The "Boar's Head Carol" is a macaronic 15th century English Christmas carol that describes serving a boar's head at a Yuletide feast. Of the several extant versions of the carol, the one most usually performed today is based on a version published in 1521 in Wynkyn de Worde's Christmasse Carolles. A modern choral arrangement by Elizabeth Poston (1960) is also widely performed.

History and origins

Some folklorists have claimed that the boar's head tradition was:

initiated in all probability on the Isle of Britain by the Anglo-Saxons, although our knowledge of it comes substantially from medieval times. ... sacrifice carried the intent of imploring Freyr to show favor to the new year. The boar's head with apple in mouth was carried into the banquet hall on a gold or silver dish to the sounds of trumpets and the songs of minstrels.
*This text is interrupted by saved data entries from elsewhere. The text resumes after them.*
(* Let $(G,\mathcal F_\bullet G,\mathfrak R)$ be a filtered Rota–Baxter group. Then for every $n\ge1$ the map $\mathfrak R_n:\mathsf{gr}_nG\to\mathsf{gr}_nG$, $\mathfrak R_n(\bar x)=\overline{\mathfrak R(x)}$ for $x\in\mathcal F_nG$, is well defined and is a group homomorphism of $\mathsf{gr}_nG$.
   Context: For a group $G$ write $(x,y)=xyx^{-1}y^{-1}$; for subgroups $H,K$, $(H,K)$ is the subgroup generated by such commutators with $x\in H,y\in K$. A filtered group $(G,\mathcal F_\bullet G)$ is a group with subgroups $G=\mathcal F_1G\supset\mathcal F_2G\supset\cdots$ such that $(\mathcal F_nG,\mathcal F_mG)\subset\mathcal F_{n+m}G$; then each $\mathcal F_nG$ is normal in $G$ and $\mathsf{gr}_nG=\mathcal F_nG/\mathcal F_{n+1}G$ is an abelian group, written additively ($\bar x+\bar y=\overline{xy}$). A Rota–Baxter group is a group with a map $\mathfrak R$ such that $\mathfrak R(g)\mathfrak R(h)=\mathfrak R(g\mathfrak R(g)h\mathfrak R(g)^{-1})$ for all $g,h$; a filtered Rota–Baxter group is a filtered group with such an $\mathfrak R$ satisfying $\mathfrak R(\mathcal F_nG)\subset\mathcal F_nG$ for all $n\ge1$. *)

theory Defs
  imports "HOL-Algebra.Algebra"
begin

definition grp_comm :: "('a, 'b) monoid_scheme \<Rightarrow> 'a \<Rightarrow> 'a \<Rightarrow> 'a" where
  "grp_comm G x y = x \<otimes>\<^bsub>G\<^esub> y \<otimes>\<^bsub>G\<^esub> inv\<^bsub>G\<^esub> x \<otimes>\<^bsub>G\<^esub> inv\<^bsub>G\<^esub> y"

definition comm_subgroup :: "('a, 'b) monoid_scheme \<Rightarrow> 'a set \<Rightarrow> 'a set \<Rightarrow> 'a set" where
  "comm_subgroup G H K = generate G {grp_comm G x y | x y. x \<in> H \<and> y \<in> K}"

text \<open>Filtration indexed by n >= 1; the value at index 0 is irrelevant.\<close>
definition filtered_group :: "('a, 'b) monoid_scheme \<Rightarrow> (nat \<Rightarrow> 'a set) \<Rightarrow> bool" where
  "filtered_group G F \<longleftrightarrow> group G \<and> F 1 = carrier G
     \<and> (\<forall>n\<ge>1. subgroup (F n) G \<and> F (Suc n) \<subseteq> F n)
     \<and> (\<forall>n\<ge>1. \<forall>m\<ge>1. comm_subgroup G (F n) (F m) \<subseteq> F (n + m))"

definition rota_baxter :: "('a, 'b) monoid_scheme \<Rightarrow> ('a \<Rightarrow> 'a) \<Rightarrow> bool" where
  "rota_baxter G R \<longleftrightarrow> R \<in> carrier G \<rightarrow> carrier G \<and>
     (\<forall>g\<in>carrier G. \<forall>h\<in>carrier G.
        R g \<otimes>\<^bsub>G\<^esub> R h = R (g \<otimes>\<^bsub>G\<^esub> R g \<otimes>\<^bsub>G\<^esub> h \<otimes>\<^bsub>G\<^esub> inv\<^bsub>G\<^esub> (R g)))"

definition filtered_rota_baxter ::
  "('a, 'b) monoid_scheme \<Rightarrow> (nat \<Rightarrow> 'a set) \<Rightarrow> ('a \<Rightarrow> 'a) \<Rightarrow> bool" where
  "filtered_rota_baxter G F R \<longleftrightarrow> filtered_group G F \<and> rota_baxter G R
     \<and> (\<forall>n\<ge>1. R ` F n \<subseteq> F n)"

definition gr :: "('a, 'b) monoid_scheme \<Rightarrow> (nat \<Rightarrow> 'a set) \<Rightarrow> nat \<Rightarrow> 'a set monoid" where
  "gr G F n = (G\<lparr>carrier := F n\<rparr>) Mod (F (Suc n))"

end

theory Submission
  imports Defs
begin

text \<open>
  Since \<open>F (n+1)\<close> is a normal subgroup mapped into itself by \<open>R\<close>, the Rota--Baxter identity
  \<open>R y \<otimes> R h = R (y \<otimes> R y \<otimes> h \<otimes> inv (R y))\<close> shows that \<open>R\<close> respects congruence modulo
  \<open>F (n+1)\<close>: if \<open>x = k \<otimes> y\<close> with \<open>k \<in> F (n+1)\<close>, then \<open>R x = R y \<otimes> R h\<close> for a conjugate \<open>h\<close>
  of \<open>k\<close>. For multiplicativity, \<open>R x \<otimes> R y = R (x \<otimes> R x \<otimes> y \<otimes> inv (R x))\<close>, and the argument
  on the right differs from \<open>x \<otimes> y\<close> by a conjugate of the commutator \<open>(R x, y)\<close>, which lies
  in \<open>F (2n) \<subseteq> F (n+1)\<close> when \<open>x, y \<in> F n\<close>.
\<close>

lemma (in group) m_inv_cancel_left [simp]:
  "x \<in> carrier G \<Longrightarrow> y \<in> carrier G \<Longrightarrow> x \<otimes> (inv x \<otimes> y) = y"
  by (simp flip: m_assoc)

lemma (in group) inv_m_cancel_left [simp]:
  "x \<in> carrier G \<Longrightarrow> y \<in> carrier G \<Longrightarrow> inv x \<otimes> (x \<otimes> y) = y"
  by (simp flip: m_assoc)

lemma rota_baxter_closed:
  "rota_baxter G R \<Longrightarrow> x \<in> carrier G \<Longrightarrow> R x \<in> carrier G"
  unfolding rota_baxter_def by blast

lemma rota_baxter_mult:
  "rota_baxter G R \<Longrightarrow> x \<in> carrier G \<Longrightarrow> y \<in> carrier G \<Longrightarrow>
    R x \<otimes>\<^bsub>G\<^esub> R y = R (x \<otimes>\<^bsub>G\<^esub> R x \<otimes>\<^bsub>G\<^esub> y \<otimes>\<^bsub>G\<^esub> inv\<^bsub>G\<^esub> (R x))"
  unfolding rota_baxter_def by blast

lemma (in group) rota_baxter_rcos_cong:
  assumes RB: "rota_baxter G R" and N: "N \<lhd> G" "R ` N \<subseteq> N"
    and x: "x \<in> carrier G" and y: "y \<in> carrier G" and xy: "N #> x = N #> y"
  shows "N #> R x = N #> R y"
proof -
  have sub: "subgroup N G"
    using N normal_imp_subgroup by blast
  have Ry: "R y \<in> carrier G"
    using rota_baxter_closed[OF RB y] .
  have "x \<in> N #> y"
    using xy rcos_self[OF x sub] by simp
  then obtain k where k: "k \<in> N" and x_eq: "x = k \<otimes> y"
    unfolding r_coset_def by blast
  have kc: "k \<in> carrier G"
    using subgroup.mem_carrier[OF sub k] .
  define h where "h = inv (R y) \<otimes> (inv y \<otimes> k \<otimes> y) \<otimes> R y"
  have h: "h \<in> N"
    unfolding h_def
    using normal.inv_op_closed1[OF N(1) Ry normal.inv_op_closed1[OF N(1) y k]] .
  then have hc: "h \<in> carrier G"
    using subgroup.mem_carrier[OF sub] by blast
  have "y \<otimes> R y \<otimes> h \<otimes> inv (R y) = x"
    unfolding h_def x_eq using kc y Ry by (simp add: m_assoc)
  then have "R x = R y \<otimes> R h"
    using rota_baxter_mult[OF RB y hc] by simp
  moreover have "R h \<in> N"
    using h N(2) by blast
  ultimately have "R x \<in> R y <# N"
    unfolding l_coset_def by blast
  then have "R x \<in> N #> R y"
    using normal.coset_eq[OF N(1)] Ry by blast
  then show ?thesis
    using repr_independence[OF _ Ry sub] by simp
qed

lemma (in group) rota_baxter_rcos_mult:
  assumes RB: "rota_baxter G R" and N: "N \<lhd> G" "R ` N \<subseteq> N"
    and x: "x \<in> carrier G" and y: "y \<in> carrier G" and comm: "grp_comm G (R x) y \<in> N"
  shows "N #> R (x \<otimes> y) = N #> (R x \<otimes> R y)"
proof -
  have sub: "subgroup N G"
    using N normal_imp_subgroup by blast
  have Rx: "R x \<in> carrier G"
    using rota_baxter_closed[OF RB x] .
  define z where "z = x \<otimes> R x \<otimes> y \<otimes> inv (R x)"
  have zc: "z \<in> carrier G"
    unfolding z_def using x y Rx by simp
  have "z = (x \<otimes> grp_comm G (R x) y \<otimes> inv x) \<otimes> (x \<otimes> y)"
    unfolding z_def grp_comm_def using x y Rx by (simp add: m_assoc)
  moreover have "x \<otimes> grp_comm G (R x) y \<otimes> inv x \<in> N"
    using normal.inv_op_closed2[OF N(1) x comm] .
  ultimately have "z \<in> N #> (x \<otimes> y)"
    unfolding r_coset_def by blast
  then have "N #> (x \<otimes> y) = N #> z"
    using repr_independence[OF _ _ sub] x y by blast
  then have "N #> R (x \<otimes> y) = N #> R z"
    by (rule rota_baxter_rcos_cong[OF RB N m_closed[OF x y] zc])
  also have "R z = R x \<otimes> R y"
    unfolding z_def using rota_baxter_mult[OF RB x y] by simp
  finally show ?thesis .
qed

lemma filtered_group_group: "filtered_group G F \<Longrightarrow> group G"
  unfolding filtered_group_def by blast

lemma filtered_group_first: "filtered_group G F \<Longrightarrow> F 1 = carrier G"
  unfolding filtered_group_def by blast

lemma filtered_group_subgroup: "filtered_group G F \<Longrightarrow> 1 \<le> k \<Longrightarrow> subgroup (F k) G"
  unfolding filtered_group_def by blast

lemma filtered_group_antimono:
  assumes "filtered_group G F" "1 \<le> k" "k \<le> m"
  shows "F m \<subseteq> F k"
  using assms(3)
proof (induction m rule: dec_induct)
  case (step m)
  then have "F (Suc m) \<subseteq> F m"
    using assms(1,2) unfolding filtered_group_def by simp
  with step.IH show ?case
    by blast
qed simp

lemma filtered_group_grp_comm:
  assumes "filtered_group G F" "1 \<le> k" "1 \<le> m" "x \<in> F k" "y \<in> F m"
  shows "grp_comm G x y \<in> F (k + m)"
proof -
  have "comm_subgroup G (F k) (F m) \<subseteq> F (k + m)"
    using assms(1-3) unfolding filtered_group_def by blast
  then show ?thesis
    using assms(4,5) unfolding comm_subgroup_def by (blast intro: generate.incl)
qed

lemma (in group) filtered_group_normal:
  assumes FG: "filtered_group G F" and k: "1 \<le> k"
  shows "F k \<lhd> G"
proof -
  have sub: "subgroup (F k) G"
    using filtered_group_subgroup[OF FG k] .
  have "g \<otimes> h \<otimes> inv g \<in> F k" if g: "g \<in> carrier G" and h: "h \<in> F k" for g h
  proof -
    have hc: "h \<in> carrier G"
      using subgroup.mem_carrier[OF sub h] .
    have "g \<in> F 1"
      using g filtered_group_first[OF FG] by simp
    then have "grp_comm G g h \<in> F (1 + k)"
      using filtered_group_grp_comm[OF FG order_refl k _ h] by simp
    then have "grp_comm G g h \<in> F k"
      using filtered_group_antimono[OF FG k, of "1 + k"] by (simp add: subset_iff)
    moreover have "g \<otimes> h \<otimes> inv g = grp_comm G g h \<otimes> h"
      unfolding grp_comm_def using g hc by (simp add: m_assoc)
    ultimately show ?thesis
      using subgroup.m_closed[OF sub _ h] by simp
  qed
  then show ?thesis
    using sub normal_inv_iff by blast
qed

lemma filtered_rota_baxter_grp_comm:
  assumes FRB: "filtered_rota_baxter G F R" and n: "1 \<le> n" and x: "x \<in> F n" and y: "y \<in> F n"
  shows "grp_comm G (R x) y \<in> F (Suc n)"
proof -
  have FG: "filtered_group G F"
    using FRB unfolding filtered_rota_baxter_def by blast
  have "R x \<in> F n"
    using FRB n x unfolding filtered_rota_baxter_def by blast
  then have "grp_comm G (R x) y \<in> F (n + n)"
    using filtered_group_grp_comm[OF FG n n _ y] by blast
  then show ?thesis
    using filtered_group_antimono[OF FG, of "Suc n" "n + n"] n by (simp add: subset_iff)
qed

lemma (in group) induced_hom_Mod:
  assumes H: "subgroup H G" and N: "N \<lhd> G" "N \<subseteq> H" and f: "f ` H \<subseteq> H"
    and cong: "\<And>x y. x \<in> H \<Longrightarrow> y \<in> H \<Longrightarrow> N #> x = N #> y \<Longrightarrow> N #> f x = N #> f y"
    and mult: "\<And>x y. x \<in> H \<Longrightarrow> y \<in> H \<Longrightarrow> N #> f (x \<otimes> y) = N #> (f x \<otimes> f y)"
  obtains g where "g \<in> hom (G\<lparr>carrier := H\<rparr> Mod N) (G\<lparr>carrier := H\<rparr> Mod N)"
    and "\<And>x. x \<in> H \<Longrightarrow> g (N #> x) = N #> f x"
proof -
  let ?K = "G\<lparr>carrier := H\<rparr>"
  have fc: "f x \<in> carrier G" if "x \<in> H" for x
    using that f subgroup.mem_carrier[OF H] by blast
  have hom: "(\<lambda>x. N #> f x) \<in> hom ?K (?K Mod N)"
  proof (rule homI)
    show "N #> f x \<in> carrier (?K Mod N)" if "x \<in> carrier ?K" for x
      using that f by (auto simp: carrier_FactGroup)
    show "N #> f (x \<otimes>\<^bsub>?K\<^esub> y) = (N #> f x) \<otimes>\<^bsub>?K Mod N\<^esub> (N #> f y)"
      if "x \<in> carrier ?K" "y \<in> carrier ?K" for x y
      using that normal.rcos_sum[OF N(1) fc fc] mult by simp
  qed
  have cong_K: "N #> f x = N #> f y"
    if "x \<in> carrier ?K" "y \<in> carrier ?K" "N #>\<^bsub>?K\<^esub> x = N #>\<^bsub>?K\<^esub> y" for x y
    using that by (intro cong) simp_all
  show thesis
  proof (rule FactGroup_universal[OF hom normal_restrict_supergroup[OF H N] cong_K])
    fix g assume "g \<in> hom (?K Mod N) (?K Mod N)"
      and "\<And>x. x \<in> carrier ?K \<Longrightarrow> g (N #>\<^bsub>?K\<^esub> x) = N #> f x"
    then show thesis
      by (intro that) simp_all
  qed
qed

theorem proposition5p10:
  fixes G :: "('a, 'b) monoid_scheme" and F :: "nat \<Rightarrow> 'a set" and R :: "'a \<Rightarrow> 'a" and n :: nat
  assumes "filtered_rota_baxter G F R" and "n \<ge> 1"
  shows "(\<forall>x\<in>F n. \<forall>y\<in>F n. F (Suc n) #>\<^bsub>G\<^esub> x = F (Suc n) #>\<^bsub>G\<^esub> y
            \<longrightarrow> F (Suc n) #>\<^bsub>G\<^esub> R x = F (Suc n) #>\<^bsub>G\<^esub> R y)
       \<and> (\<exists>f \<in> hom (gr G F n) (gr G F n).
            \<forall>x\<in>F n. f (F (Suc n) #>\<^bsub>G\<^esub> x) = F (Suc n) #>\<^bsub>G\<^esub> R x)"
proof -
  have FG: "filtered_group G F" and RB: "rota_baxter G R" and RF: "\<And>k. 1 \<le> k \<Longrightarrow> R ` F k \<subseteq> F k"
    using assms(1) unfolding filtered_rota_baxter_def by auto
  have grp: "group G"
    using filtered_group_group[OF FG] .
  have Fn: "subgroup (F n) G"
    using filtered_group_subgroup[OF FG assms(2)] .
  have N: "F (Suc n) \<lhd> G" "F (Suc n) \<subseteq> F n" "R ` F (Suc n) \<subseteq> F (Suc n)"
    using group.filtered_group_normal[OF grp FG, of "Suc n"] RF[of "Suc n"]
      filtered_group_antimono[OF FG assms(2), of "Suc n"] by simp_all
  have Fn_carrier: "x \<in> carrier G" if "x \<in> F n" for x
    using subgroup.mem_carrier[OF Fn that] .
  have cong: "F (Suc n) #>\<^bsub>G\<^esub> R x = F (Suc n) #>\<^bsub>G\<^esub> R y"
    if "x \<in> F n" "y \<in> F n" "F (Suc n) #>\<^bsub>G\<^esub> x = F (Suc n) #>\<^bsub>G\<^esub> y" for x y
    using that by (rule group.rota_baxter_rcos_cong[OF grp RB N(1,3) Fn_carrier Fn_carrier])
  have mult: "F (Suc n) #>\<^bsub>G\<^esub> R (x \<otimes>\<^bsub>G\<^esub> y) = F (Suc n) #>\<^bsub>G\<^esub> (R x \<otimes>\<^bsub>G\<^esub> R y)"
    if "x \<in> F n" "y \<in> F n" for x y
    using that filtered_rota_baxter_grp_comm[OF assms that]
    by (rule group.rota_baxter_rcos_mult[OF grp RB N(1,3) Fn_carrier Fn_carrier])
  obtain f where f_hom: "f \<in> hom (gr G F n) (gr G F n)"
    and f_coset: "\<And>x. x \<in> F n \<Longrightarrow> f (F (Suc n) #>\<^bsub>G\<^esub> x) = F (Suc n) #>\<^bsub>G\<^esub> R x"
    using group.induced_hom_Mod[OF grp Fn N(1,2) RF[OF assms(2)] cong mult] unfolding gr_def by blast
  show ?thesis
  proof (intro conjI ballI impI bexI[of _ f] f_hom)
    show "F (Suc n) #>\<^bsub>G\<^esub> R x = F (Suc n) #>\<^bsub>G\<^esub> R y"
      if "x \<in> F n" "y \<in> F n" "F (Suc n) #>\<^bsub>G\<^esub> x = F (Suc n) #>\<^bsub>G\<^esub> y" for x y
      using that by (rule cong)
  qed (rule f_coset)
qed

end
In Scandinavia and England, Saint Stephen may have inherited some of Freyr's legacy. Saint Stephen's feast day is 26 December, and thus he came to play a part in the Yuletide celebrations which were previously associated with Freyr (or Ingwi to the Anglo-Saxons). In old Swedish art, Stephen is shown as tending to horses and bringing a boar's head to a Yuletide banquet. Both elements are extra-canonical and may be pagan survivals.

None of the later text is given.